On Sun, Jan 10, 2016 at 5:54 PM, kleist kleist@mail.dunzwolff.de wrote:
Hi all,
with query options: contains text "grün" all using diacritics sensitive using stemming using language 'German'
I'll get: "grüne", "grüner", "Grüns" etc.
But I also get "Gruß", "Grüße", "grüßen" or something like "Gruner" (Eigenname)
Does the stemming have problems with german umlaute and "ß"?
with query options: contains text "grün" all using stemming using language 'German' same results, but less. Why is that?

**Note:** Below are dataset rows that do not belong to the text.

lemma matchings_Suc_bij:
  assumes "finite L"
  shows "bij_betw (\<lambda>(B, p). (p, B - {p})) (SIGMA B:matchings L (Suc k). B)
           (SIGMA p:doubletons L. matchings (L - p) k)"
proof (rule bij_betwI[where g = "\<lambda>(p, B). (insert p B, p)"])
  show "(\<lambda>(B, p). (p, B - {p})) \<in>
      (SIGMA B:matchings L (Suc k). B) \<rightarrow> (SIGMA p:doubletons L. matchings (L - p) k)"
  proof
    fix x assume "x \<in> (SIGMA B:matchings L (Suc k). B)"
    then obtain B p where "x = (B, p)" "B \<in> matchings L (Suc k)" "p \<in> B" by blast
    moreover from this have "p \<in> doubletons L" by (auto simp: matchings_def)
    ultimately show "(case x of (B, p) \<Rightarrow> (p, B - {p})) \<in>
        (SIGMA p:doubletons L. matchings (L - p) k)"
      using matchings_remove assms by simp
  qed
  show "(\<lambda>(p, B). (insert p B, p)) \<in>
      (SIGMA p:doubletons L. matchings (L - p) k) \<rightarrow> (SIGMA B:matchings L (Suc k). B)"
  proof
    fix x assume "x \<in> (SIGMA p:doubletons L. matchings (L - p) k)"
    then obtain p B where "x = (p, B)" "p \<in> doubletons L" "B \<in> matchings (L - p) k" by blast
    then show "(case x of (p, B) \<Rightarrow> (insert p B, p)) \<in> (SIGMA B:matchings L (Suc k). B)"
      using matchings_insert(1)[of B L p k] assms by simp
  qed
  show "(\<lambda>(p, B). (insert p B, p)) ((\<lambda>(B, p). (p, B - {p})) x) = x"
    if "x \<in> (SIGMA B:matchings L (Suc k). B)" for x
    using that by auto
  show "(\<lambda>(B, p). (p, B - {p})) ((\<lambda>(p, B). (insert p B, p)) y) = y"
    if "y \<in> (SIGMA p:doubletons L. matchings (L - p) k)" for y
    using that assms matchings_insert(2) by auto
qed

lemma card_matchings:
  "finite L \<Longrightarrow>
    real (card (matchings L k)) = (1 / fact k) * (\<Prod>i<k. real ((card L - 2 * i) choose 2))"
proof (induction k arbitrary: L)
  case 0
  then show ?case by (simp add: matchings_0)
next
  case (Suc k)
  have rest: "real (card (matchings (L - p) k)) =
      (1 / fact k) * (\<Prod>i<k. real ((card L - 2 - 2 * i) choose 2))" if "p \<in> doubletons L" for p
  proof -
    have "card (L - p) = card L - 2"
      using that Suc.prems by (auto simp: doubletons_def card_Diff_subset finite_subset)
    then show ?thesis using Suc.IH[of "L - p"] Suc.prems by (simp add: diff_diff_add)
  qed
  have "Suc k * card (matchings L (Suc k)) = (\<Sum>B\<in>matchings L (Suc k). card B)"
    by (simp add: matchings_def)
  also have "\<dots> = card (SIGMA B:matchings L (Suc k). B)"
    using Suc.prems by (intro card_SigmaI [symmetric]) (auto simp: finite_matchings finite_matching)
  also have "\<dots> = card (SIGMA p:doubletons L. matchings (L - p) k)"
    using bij_betw_same_card[OF matchings_Suc_bij[OF Suc.prems]] .
  also have "\<dots> = (\<Sum>p\<in>doubletons L. card (matchings (L - p) k))"
    using Suc.prems by (intro card_SigmaI) (auto simp: finite_matchings finite_doubletons)
  finally have "real (Suc k) * real (card (matchings L (Suc k))) =
      (\<Sum>p\<in>doubletons L. real (card (matchings (L - p) k)))"
    by (metis of_nat_mult of_nat_sum)
  also have "\<dots> =
      real (card L choose 2) * ((1 / fact k) * (\<Prod>i<k. real ((card L - 2 - 2 * i) choose 2)))"
    using rest card_doubletons[OF Suc.prems] by simp
  also have "\<dots> = (1 / fact k) * (\<Prod>i<Suc k. real ((card L - 2 * i) choose 2))"
    by (simp add: prod.lessThan_Suc_shift diff_diff_add del: prod.lessThan_Suc)
  finally show ?case by (simp add: fact_Suc field_simps del: of_nat_Suc)
qed

lemma pairwise_disjnt_Un:
  "pairwise disjnt A \<Longrightarrow> pairwise disjnt B \<Longrightarrow> \<Union>A \<inter> \<Union>B = {} \<Longrightarrow> pairwise disjnt (A \<union> B)"
  unfolding pairwise_def disjnt_def by blast

lemma doubleton_InlE:
  fixes A :: "nat set"
  assumes "p \<in> doubletons (Inl ` A)"
  obtains a c where "p = {Inl a, Inl c}" "a \<in> A" "c \<in> A" "a < c"
proof -
  obtain x y where "p = {x, y}" "x \<noteq> y" "x \<in> Inl ` A" "y \<in> Inl ` A"
    using assms by (auto simp: doubletons_def card_2_iff)
  then obtain u v where uv: "p = {Inl u, Inl v}" "u \<in> A" "v \<in> A" "u \<noteq> v"
    by blast
  show thesis
  proof (cases "u < v")
    case True
    then show thesis using that[of u v] uv by blast
  next
    case False
    then have "v < u" using uv(4) by linarith
    then show thesis using that[of v u] uv by (simp add: insert_commute)
  qed
qed

section \<open>Matchings covering a prescribed set\<close>

definition covering_matchings :: "'a set \<Rightarrow> 'a set \<Rightarrow> nat \<Rightarrow> 'a set set set" where
  "covering_matchings L H k = {B \<in> matchings (L \<union> H) k. H \<subseteq> \<Union>B \<and> (\<forall>p\<in>B. p \<inter> L \<noteq> {})}"

lemma covering_matchings_empty: "covering_matchings L {} k = matchings L k"
  unfolding covering_matchings_def matchings_def doubletons_def by (force simp: card_2_iff)

lemma covering_matchings_0:
  "finite L \<Longrightarrow> finite H \<Longrightarrow> H \<noteq> {} \<Longrightarrow> covering_matchings L H 0 = {}"
  unfolding covering_matchings_def using matchings_0[of "L \<union> H"] by auto

lemma Union_covering_matching_subset: "B \<in> covering_matchings L H k \<Longrightarrow> \<Union>B \<subseteq> L \<union> H"
  by (auto simp: covering_matchings_def matchings_def doubletons_def)

lemma finite_covering_matchings:
  "finite L \<Longrightarrow> finite H \<Longrightarrow> finite (covering_matchings L H k)"
  unfolding covering_matchings_def
  by (rule finite_subset[OF _ finite_matchings[of "L \<union> H" k]]) auto

lemma card_uncovered_covering_matching:
  assumes "finite L" "finite H" "L \<inter> H = {}" "B \<in> covering_matchings L H k"
  shows "card (L - \<Union>B) + 2 * k = card L + card H"
proof -
  have B: "B \<in> matchings (L \<union> H) k" "H \<subseteq> \<Union>B"
    using assms(4) by (auto simp: covering_matchings_def)
  have Union_split: "\<Union>B = (\<Union>B \<inter> L) \<union> H"
    using Union_covering_matching_subset[OF assms(4)] B(2) by blast
  have "2 * k = card (\<Union>B)"
    using card_Union_matching[OF _ B(1)] assms(1,2) by simp
  also have "\<dots> = card (\<Union>B \<inter> L) + card H"
    by (subst Union_split, rule card_Un_disjoint) (use assms(1-3) in auto)
  finally have "2 * k = card (\<Union>B \<inter> L) + card H" .
  moreover have "card (L - \<Union>B) = card L - card (\<Union>B \<inter> L)"
    using assms(1) by (simp add: card_Diff_subset_Int Int_commute)
  moreover have "card (\<Union>B \<inter> L) \<le> card L"
    using assms(1) by (simp add: card_mono)
  ultimately show ?thesis by linarith
qed

lemma covering_matching_remove_pair:
  assumes "x \<notin> L" "x \<notin> H" "L \<inter> H = {}" "finite L" "finite H"
    and B: "B \<in> covering_matchings L (insert x H) (Suc k)"
  obtains y where "y \<in> L" "{x, y} \<in> B" "B - {{x, y}} \<in> covering_matchings (L - {y}) H k"
proof -
  have B_props: "B \<in> matchings (L \<union> insert x H) (Suc k)" "insert x H \<subseteq> \<Union>B"
    "\<forall>p\<in>B. p \<inter> L \<noteq> {}"
    using B by (auto simp: covering_matchings_def)
  obtain p where p: "p \<in> B" "x \<in> p" using B_props(2) by auto
  obtain y where y: "y \<in> p" "y \<in> L" using B_props(3) p(1) by auto
  have "card p = 2" using B_props(1) p(1) by (auto simp: matchings_def doubletons_def)
  with p y assms(1) have p_eq: "p = {x, y}" by (auto simp: card_2_iff)
  have "L \<union> insert x H - p = L - {y} \<union> H"
    using p_eq y(2) assms(1-3) by auto
  then have rest: "B - {p} \<in> matchings (L - {y} \<union> H) k"
    using matchings_remove[OF B_props(1) p(1)] assms(4,5) by simp
  have avoid: "x \<notin> q" "y \<notin> q" if "q \<in> B - {p}" for q
  proof -
    have "q \<subseteq> L - {y} \<union> H"
      using rest that by (auto simp: matchings_def doubletons_def)
    then show "x \<notin> q" "y \<notin> q" using assms(1-3) y(2) by auto
  qed
  have "H \<subseteq> \<Union>(B - {p})"
  proof
    fix z assume z: "z \<in> H"
    then obtain q where "q \<in> B" "z \<in> q" using B_props(2) by auto
    moreover have "z \<noteq> x" "z \<noteq> y" using z y(2) assms(2,3) by auto
    ultimately show "z \<in> \<Union>(B - {p})" using p_eq by auto
  qed
  moreover have "\<forall>q\<in>B - {p}. q \<inter> (L - {y}) \<noteq> {}"
    using B_props(3) avoid by auto
  ultimately have "B - {p} \<in> covering_matchings (L - {y}) H k"
    using rest by (simp add: covering_matchings_def)
  then show thesis using that y(2) p(1) p_eq by blast
qed

lemma covering_matching_insert_pair:
  assumes "x \<notin> L" "x \<notin> H" "L \<inter> H = {}" "finite L" "finite H"
    and "y \<in> L" and B: "B \<in> covering_matchings (L - {y}) H k"
  shows "insert {x, y} B \<in> covering_matchings L (insert x H) (Suc k)"
proof -
  have B_props: "B \<in> matchings (L - {y} \<union> H) k" "H \<subseteq> \<Union>B" "\<forall>p\<in>B. p \<inter> (L - {y}) \<noteq> {}"
    using B by (auto simp: covering_matchings_def)
  have "x \<noteq> y" using assms(1,6) by blast
  then have "{x, y} \<in> doubletons (L \<union> insert x H)"
    using assms(6) by (auto simp: doubletons_def)
  moreover have "L \<union> insert x H - {x, y} = L - {y} \<union> H"
    using assms(1-3,6) by auto
  ultimately have "insert {x, y} B \<in> matchings (L \<union> insert x H) (Suc k)"
    using matchings_insert(1)[of B "L \<union> insert x H" "{x, y}" k] B_props(1) assms(4,5) by simp
  then show ?thesis
    using B_props(2,3) assms(6) by (auto simp: covering_matchings_def)
qed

The indexes of the database are the following: Indexes Up-to-date: true TEXTINDEX: true ATTRINDEX: true FTINDEX: true TEXTINCLUDE: ATTRINCLUDE: FTINCLUDE: LANGUAGE: German STEMMING: true CASESENS: true DIACRITICS: true STOPWORDS: UPDINDEX: false AUTOOPTIMIZE: false MAXCATS: 100 MAXLEN: 96 INDEXSPLITSIZE: 0 FTINDEXSPLITSIZE: 0
Optimized Query is the following: Optimized Query: let $hits_137 := ft:mark((db:open-pre("kleist-searchindex",147544), ...)/(((descendant::tei:s union descendant::tei:l)))[descendant::text() contains text "grün" all using diacritics sensitive using stemming using language 'German']) return element div { (element p { ("grün") }, element p { (count($hits_137)) }, element ul { (for $hit_139 in $hits_137 return element li { ($hit_139/descendant-or-self::node()/ancestor::tei:TEI/descendant-or-self::node()/tei:classCode[position() = 1]/string(), $hit_139) }) }) }
Best, Günter